— WHAT IS BEING ASKED —
Within the records below, reproduce without change the lines from the line that has "y)\<^sup>2 * ((sd_prod" through the line that has "interpret kink_params a m by (rule assms)", and only those.

— SOURCE INFORMATION —

lemma moderate_diff: "moderate rho x \<Longrightarrow> moderate rho y \<Longrightarrow> moderate rho (\<lambda>e. x e - y e)"
  using moderate_add[of x "\<lambda>e. - y e"] moderate_minus[of y] by simp

lemma moderate_norm: "moderate rho x \<Longrightarrow> moderate rho (\<lambda>e. complex_of_real (cmod (x e)))"
  by (rule moderate_dominated[of x _ 1]) auto

lemma moderate_rho_power: "moderate rho (\<lambda>e. complex_of_real (rho e ^ p))"
proof (rule moderateI[of _ 1 0])
  show "\<forall>\<^sub>F e in at_right 0. cmod (complex_of_real (rho e ^ p)) \<le> 1 * inverse (rho e ^ 0)"
    using eventually_rho_in_unit by eventually_elim (simp add: norm_power power_le_one)
qed

lemma moderate_inverse_rho_power: "moderate rho (\<lambda>e. complex_of_real (inverse (rho e ^ j)))"
  unfolding moderate_def
  by (rule exI[of _ j])
    (use eventually_rho_in_unit in \<open>auto elim!: eventually_mono simp: norm_power norm_inverse\<close>)

section \<open>Generalized numbers and sharp balls\<close>

lemma gclass_eqI: "negligible rho (\<lambda>e. x e - y e) \<Longrightarrow> gclass rho x = gclass rho y"
  unfolding gclass_def
proof (intro Collect_cong conj_cong refl iffI)
  fix z assume "negligible rho (\<lambda>e. x e - y e)" "negligible rho (\<lambda>e. z e - x e)"
  then show "negligible rho (\<lambda>e. z e - y e)" using negligible_add by fastforce
next
  fix z assume "negligible rho (\<lambda>e. x e - y e)" "negligible rho (\<lambda>e. z e - y e)"
  then show "negligible rho (\<lambda>e. z e - x e)" using negligible_diff by fastforce
qed

lemma gclass_self: "moderate rho x \<Longrightarrow> x \<in> gclass rho x"
  unfolding gclass_def by (simp add: negligible_zero)

lemma gclass_memD: "y \<in> gclass rho x \<Longrightarrow> moderate rho y \<and> negligible rho (\<lambda>e. y e - x e)"
  unfolding gclass_def by simp

lemma moderate_of_mem_gclass: "y \<in> gclass rho x \<Longrightarrow> moderate rho x"
proof -
  assume "y \<in> gclass rho x"
  then have "moderate rho (\<lambda>e. y e - (y e - x e))"
    using gclass_memD moderate_diff negligible_imp_moderate by blast
  then show ?thesis by simp
qed

lemma gclass_eq_of_mem: "y \<in> gclass rho x \<Longrightarrow> gclass rho y = gclass rho x"
  using gclass_eqI gclass_memD by blast

lemma gclass_eqD: "gclass rho x = gclass rho y \<Longrightarrow> moderate rho x \<Longrightarrow> negligible rho (\<lambda>e. x e - y e)"
  using gclass_self[of x] gclass_memD by auto

lemma gclass_in_Ctil: "moderate rho x \<Longrightarrow> gclass rho x \<in> Ctil rho"
  unfolding Ctil_def by blast
lemma overlap_spider_star_leg_segment:
  assumes "1 \<le> p" "p \<le> q" "q \<le> L" "k < 3"
  shows "overlap (spider_star L a) (leg_segment L k p q) \<longleftrightarrow> p \<le> a k \<and> a k < q"
proof -
  have at: "3 * d + k \<in> spider_nodes L" "(3 * d + k) div 3 = d" "(3 * d + k) mod 3 = k"
    if "p \<le> d" "d \<le> q" for d
    using that assms spider_node_at[of d L k] by auto
  have "0 \<in> spider_star L a - leg_segment L k p q"
    using assms by (simp add: spider_star_def spider_nodes_def leg_segment_def)
  moreover have "spider_star L a \<inter> leg_segment L k p q \<noteq> {} \<longleftrightarrow> p \<le> a k"
  proof
    assume "p \<le> a k"
    then have "3 * p + k \<in> spider_star L a \<inter> leg_segment L k p q"
      using at[of p] assms by (simp add: spider_star_def leg_segment_def)
    then show "spider_star L a \<inter> leg_segment L k p q \<noteq> {}" by blast
  qed (auto simp: spider_star_def leg_segment_def)
  moreover have "leg_segment L k p q - spider_star L a \<noteq> {} \<longleftrightarrow> a k < q"
  proof
    assume "a k < q"
    then have "3 * q + k \<in> leg_segment L k p q - spider_star L a"
      using at[of q] assms by (simp add: spider_star_def leg_segment_def)
    then show "leg_segment L k p q - spider_star L a \<noteq> {}" by blast
  qed (auto simp: spider_star_def leg_segment_def)
  ultimately show ?thesis unfolding overlap_def by blast
qed

lemma not_overlap_leg_segments:
  assumes "k \<noteq> k' \<or> q < p' \<or> q' < p \<or> (p' \<le> p \<and> q \<le> q') \<or> (p \<le> p' \<and> q' \<le> q)"
  shows "\<not> overlap (leg_segment L k p q) (leg_segment L k' p' q')"
  using assms unfolding overlap_def leg_segment_def by auto

lemma sum_eq_ex_less:
  fixes a b :: "'i \<Rightarrow> 'b :: {ordered_cancel_comm_monoid_add, linorder}"
  assumes "finite A" "sum a A = sum b A" "\<exists>k\<in>A. a k \<noteq> b k"
  shows "\<exists>k\<in>A. a k < b k"
proof (rule ccontr)
  assume "\<not> (\<exists>k\<in>A. a k < b k)"
  then have "\<forall>k\<in>A. b k \<le> a k" "\<exists>k\<in>A. b k < a k"
    using assms(3) by (auto simp: not_less order.order_iff_strict)
  then have "sum b A < sum a A" using assms(1) by (rule sum_strict_mono_ex1[rotated])
  then show False using assms(2) by simp
qed

lemma sum_lessThan_3: "(\<Sum>k<(3::nat). f k) = f 0 + f 1 + (f 2 :: 'b :: comm_monoid_add)"
  by (simp add: eval_nat_numeral add.assoc)
lemma odds_gamma_le_scaled:
  assumes "0 < k" "k \<le> 1" "0 < x" "x < 1" "0 < y" "y < 1" "r \<le> 1"
  shows "odds_gamma r x y \<le> odds_gamma r (k * x) (k * y)"
proof -
  define z where "z = x * y"
  define z' where "z' = k\<^sup>2 * z"
  define s where "s = x / y + y / x"
  have z: "0 < z" "z < 1"
    unfolding z_def using assms mult_strict_mono[of x 1 y 1] by auto
  have "k\<^sup>2 \<le> 1"
    using assms by (simp add: power_le_one)
  then have z': "0 < z'" "z' \<le> z"
    unfolding z'_def using z assms by (auto simp: mult_le_cancel_right1)
  have "s - 2 = (x - y)\<^sup>2 / (x * y)"
    unfolding s_def using assms by (simp add: field_simps power2_eq_square)
  then have s: "2 \<le> s"
    using assms by (smt (verit) divide_nonneg_pos mult_pos_pos zero_le_power2)
  have "odds_gamma r (k * x) (k * y) - odds_gamma r x y
      = (s - r) * (1 / z' - 1 / z) - r * (z - z')"
    unfolding odds_gamma_def s_def z'_def z_def using assms
    by (simp add: field_simps power2_eq_square)
  moreover have "z - z' \<le> 1 / z' - 1 / z"
  proof -
    have "z * z' \<le> 1"
      using z z' mult_mono[of z 1 z' 1] by auto
    then have "(z - z') * (z * z') \<le> z - z'"
      using z' by (simp add: mult_left_le)
    then show ?thesis
      using z z' by (simp add: field_simps)
  qed
  then have "(s - r) * (z - z') \<le> (s - r) * (1 / z' - 1 / z)"
    using s assms by (intro mult_left_mono) auto
  moreover have "r * (z - z') \<le> (s - r) * (z - z')"
    using s assms z' by (intro mult_right_mono) auto
  ultimately show ?thesis
    by linarith
qed

lemma odds_gamma_antimono_right:
  assumes "0 < x" "x < 1" "0 < y" "y \<le> y'" "y' < 1" "r * y' \<le> x"
  shows "odds_gamma r x y' \<le> odds_gamma r x y"
proof -
  define A where "A = x + 1 / x"
  define B where "B = 1 / x - x"
  define p where "p = y * y'"
  have AB: "0 < A" "0 < B" "A + B = 2 / x"
    unfolding A_def B_def using assms mult_strict_mono[of x 1 x 1]
    by (auto simp: field_simps add_pos_nonneg)
  have p: "0 < p" "p \<le> 1"
    unfolding p_def using assms mult_mono[of y 1 y' 1] by auto
  have gamma: "odds_gamma r x t = 1 + 1 / x\<^sup>2 + 1 / t\<^sup>2 + r * (t * A - B / t)" if "0 < t" for t
    unfolding odds_gamma_def A_def B_def using assms that by (simp add: field_simps)
  have "0 < y'"
    using assms by linarith
  have "odds_gamma r x y - odds_gamma r x y' = (y' - y) * (y + y' - r * (A * p\<^sup>2 + B * p)) / p\<^sup>2"
    unfolding gamma[OF \<open>0 < y\<close>] gamma[OF \<open>0 < y'\<close>] p_def using assms
    by (simp add: field_simps power2_eq_square)
  moreover have "r * (A * p\<^sup>2 + B * p) \<le> y + y'"
  proof (cases "r \<le> 0")
    case True
    then show ?thesis
      using AB p assms by (smt (verit) mult_nonpos_nonneg mult_pos_pos zero_less_power)
  next
    case False
    have "A * p\<^sup>2 \<le> A * p"
      using AB p by (simp add: power2_eq_square mult_le_cancel_left1)
    then have "A * p\<^sup>2 + B * p \<le> (2 / x) * p"
      by (simp add: distrib_right flip: AB(3))
    then have "r * (A * p\<^sup>2 + B * p) \<le> r * ((2 / x) * p)"
      using False by (intro mult_left_mono) auto
    also have "\<dots> = 2 * y * (r * y') / x"
      by (simp add: p_def)
    also have "\<dots> \<le> 2 * y"
      using assms by (simp add: divide_le_eq)
    finally show ?thesis
      using assms by linarith
  qed
  ultimately have "0 \<le> odds_gamma r x y - odds_gamma r x y'"
    using assms by (auto intro!: divide_nonneg_nonneg mult_nonneg_nonneg)
  then show ?thesis
    by simp
qed

lemma odds_gamma_antimono:
  assumes "0 < x'" "x' \<le> x" "x < 1" "0 < y'" "y' \<le> y" "y < 1" "r * y \<le> x" "r * x \<le> y"
  shows "odds_gamma r x y \<le> odds_gamma r x' y'"
proof -
  have "r \<le> 1"
    using assms by (intro le_one_of_cross_mult_le[of x y]) auto
  have *: "odds_gamma r a b \<le> odds_gamma r a' b'"
    if "0 < a'" "a' \<le> a" "a < 1" "0 < b'" "b' \<le> b" "b < 1" "r * b \<le> a" "b' / b \<le> a' / a"
    for a b a' b'
  proof -
    define k where "k = a' / a"
    have k: "0 < k" "k \<le> 1" "k * a = a'" "b' \<le> k * b"
      unfolding k_def using that by (auto simp: field_simps)
    have "odds_gamma r a b \<le> odds_gamma r a' (k * b)"
      using odds_gamma_le_scaled[of k a b r] k that \<open>r \<le> 1\<close> by simp
    also have "\<dots> \<le> odds_gamma r a' b'"
    proof (rule odds_gamma_antimono_right)
      have "k * b \<le> b"
        using k that by (simp add: mult_le_cancel_right1)
      then show "k * b < 1"
        using that by linarith
      have "r * (k * b) = k * (r * b)"
        by simp
      also have "\<dots> \<le> k * a"
        using that k by (intro mult_left_mono) auto
      finally show "r * (k * b) \<le> a'"
        using k by simp
    qed (use that k in auto)
    finally show ?thesis .
  qed
  show ?thesis
  proof (cases "y' / y \<le> x' / x")
    case True
    then show ?thesis
      using * assms by blast
  next
    case False
    then have "odds_gamma r y x \<le> odds_gamma r y' x'"
      using * assms by simp
    then show ?thesis
      by (simp add: odds_gamma_commute)
  qed
qed

lemma no_event_prob_variance_le:
  assumes "0 < x'" "x' < x" "x < 1" "0 < y'" "y' < y" "y < 1" "r * y \<le> x" "r * x \<le> y"
  shows "(sd_prod x' y')\<^sup>2 * (no_event_prob r x y * (1 - no_event_prob r x y))
           \<le> (sd_prod x y)\<^sup>2 * (no_event_prob r x' y' * (1 - no_event_prob r x' y'))"
proof -
  have "0 < x" "0 < y"
    using assms by linarith+
  have "odds_gamma r x y \<le> odds_gamma r x' y'"
    using assms by (intro odds_gamma_antimono) auto
  then have "(sd_prod x' y')\<^sup>2 * ((sd_prod x y)\<^sup>2 * (odds_gamma r x y - r\<^sup>2))
      \<le> (sd_prod x y)\<^sup>2 * ((sd_prod x' y')\<^sup>2 * (odds_gamma r x' y' - r\<^sup>2))"
    by (simp add: mult_left_mono ac_simps)
  then show ?thesis
    unfolding no_event_prob_variance[OF \<open>0 < x\<close> \<open>0 < y\<close>] no_event_prob_variance[OF assms(1,4)] .
qed

section \<open>Monotonicity of the variance ratio\<close>

definition var_ratio :: "real \<Rightarrow> real \<Rightarrow> real" where
  "var_ratio u v = (u * (1 - u) + v * (1 - v)) / (v - u)\<^sup>2"
text \<open>On \<open>[0,m]\<close> the kink has slope \<open>a/m\<close> and covers \<open>[0,a]\<close>; on \<open>(m,1]\<close> it has slope
  \<open>(1-a)/(1-m)\<close> and covers \<open>(a,1]\<close>. The energy density picks up the square of the slope, and the
  substitution gives back one factor.\<close>

lemma path_length_sq_reparam:
  assumes "kink_params a m"
  shows "path_length_sq n (reparam a m f) (reparam a m \<alpha>) (reparam_velocity a m v)
    = ennreal (a/m) * energy_on n f \<alpha> v {0..a} + ennreal ((1-a)/(1-m)) * energy_on n f \<alpha> v {a<..1}"
proof -
  interpret kink_params a m by (rule assms)
  define c1 c2 b where "c1 = a/m" and "c2 = (1-a)/(1-m)" and "b = a - (1-a)/(1-m) * m"
  define H where "H = (\<lambda>S t. ennreal (beta n f \<alpha> v t) * indicator S t)"
  have c: "0 < c1" "0 < c2" using kink_slopes_pos by (simp_all add: c1_def c2_def)
  have H_meas: "H {0..a} \<in> borel_measurable lebesgue" "H {a<..1} \<in> borel_measurable lebesgue"
    using a unfolding H_def by (auto intro!: energy_integrand_measurable)
  have "(\<lambda>s. H S (b' + c' * s)) \<in> borel_measurable lebesgue"
    if "H S \<in> borel_measurable lebesgue" "c' \<noteq> 0" for S b' c'
    using measurable_comp[OF lebesgue_affine_measurable_real[OF that(2)] that(1)] by (simp add: o_def)
  from this[OF H_meas(1), of c1 0] this[OF H_meas(2), of c2 b]
  have meas: "(\<lambda>s. H {0..a} (c1 * s)) \<in> borel_measurable lebesgue"
    "(\<lambda>s. H {a<..1} (b + c2 * s)) \<in> borel_measurable lebesgue"
    using c by simp_all
  have pointwise:
    "ennreal (beta n (reparam a m f) (reparam a m \<alpha>) (reparam_velocity a m v) s) * indicator {0..1} s
      = ennreal (c1^2) * H {0..a} (c1 * s) + ennreal (c2^2) * H {a<..1} (b + c2 * s)" for s
    using energy_density_reparam[OF assms, of s] by (simp only: c1_def c2_def b_def H_def)
  have "path_length_sq n (reparam a m f) (reparam a m \<alpha>) (reparam_velocity a m v)
      = (\<integral>\<^sup>+s. ennreal (c1^2) * H {0..a} (c1 * s) + ennreal (c2^2) * H {a<..1} (b + c2 * s) \<partial>lebesgue)"
    unfolding path_length_sq_def pointwise[symmetric] by (subst nn_integral_restrict_space) auto
  also have "\<dots> = ennreal (c1^2) * (\<integral>\<^sup>+s. H {0..a} (0 + c1 * s) \<partial>lebesgue)
      + ennreal (c2^2) * (\<integral>\<^sup>+s. H {a<..1} (b + c2 * s) \<partial>lebesgue)"
    using meas by (simp add: nn_integral_add nn_integral_cmult)
  also have "\<dots> = ennreal c1 * energy_on n f \<alpha> v {0..a} + ennreal c2 * energy_on n f \<alpha> v {a<..1}"
    unfolding nn_integral_affine_sq_scale[OF H_meas(1) c(1)] nn_integral_affine_sq_scale[OF H_meas(2) c(2)]
    by (simp add: energy_on_def H_def)
  finally show ?thesis by (simp add: c1_def c2_def)
qed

— RESPONSE TO THE EXERCISE —
      \<le> (sd_prod x y)\<^sup>2 * ((sd_prod x' y')\<^sup>2 * (odds_gamma r x' y' - r\<^sup>2))"
    by (simp add: mult_left_mono ac_simps)
  then show ?thesis
    unfolding no_event_prob_variance[OF \<open>0 < x\<close> \<open>0 < y\<close>] no_event_prob_variance[OF assms(1,4)] .
qed

section \<open>Monotonicity of the variance ratio\<close>

definition var_ratio :: "real \<Rightarrow> real \<Rightarrow> real" where
  "var_ratio u v = (u * (1 - u) + v * (1 - v)) / (v - u)\<^sup>2"
text \<open>On \<open>[0,m]\<close> the kink has slope \<open>a/m\<close> and covers \<open>[0,a]\<close>; on \<open>(m,1]\<close> it has slope
  \<open>(1-a)/(1-m)\<close> and covers \<open>(a,1]\<close>. The energy density picks up the square of the slope, and the
  substitution gives back one factor.\<close>

lemma path_length_sq_reparam:
  assumes "kink_params a m"
  shows "path_length_sq n (reparam a m f) (reparam a m \<alpha>) (reparam_velocity a m v)
    = ennreal (a/m) * energy_on n f \<alpha> v {0..a} + ennreal ((1-a)/(1-m)) * energy_on n f \<alpha> v {a<..1}"
proof -
  interpret kink_params a m by (rule assms)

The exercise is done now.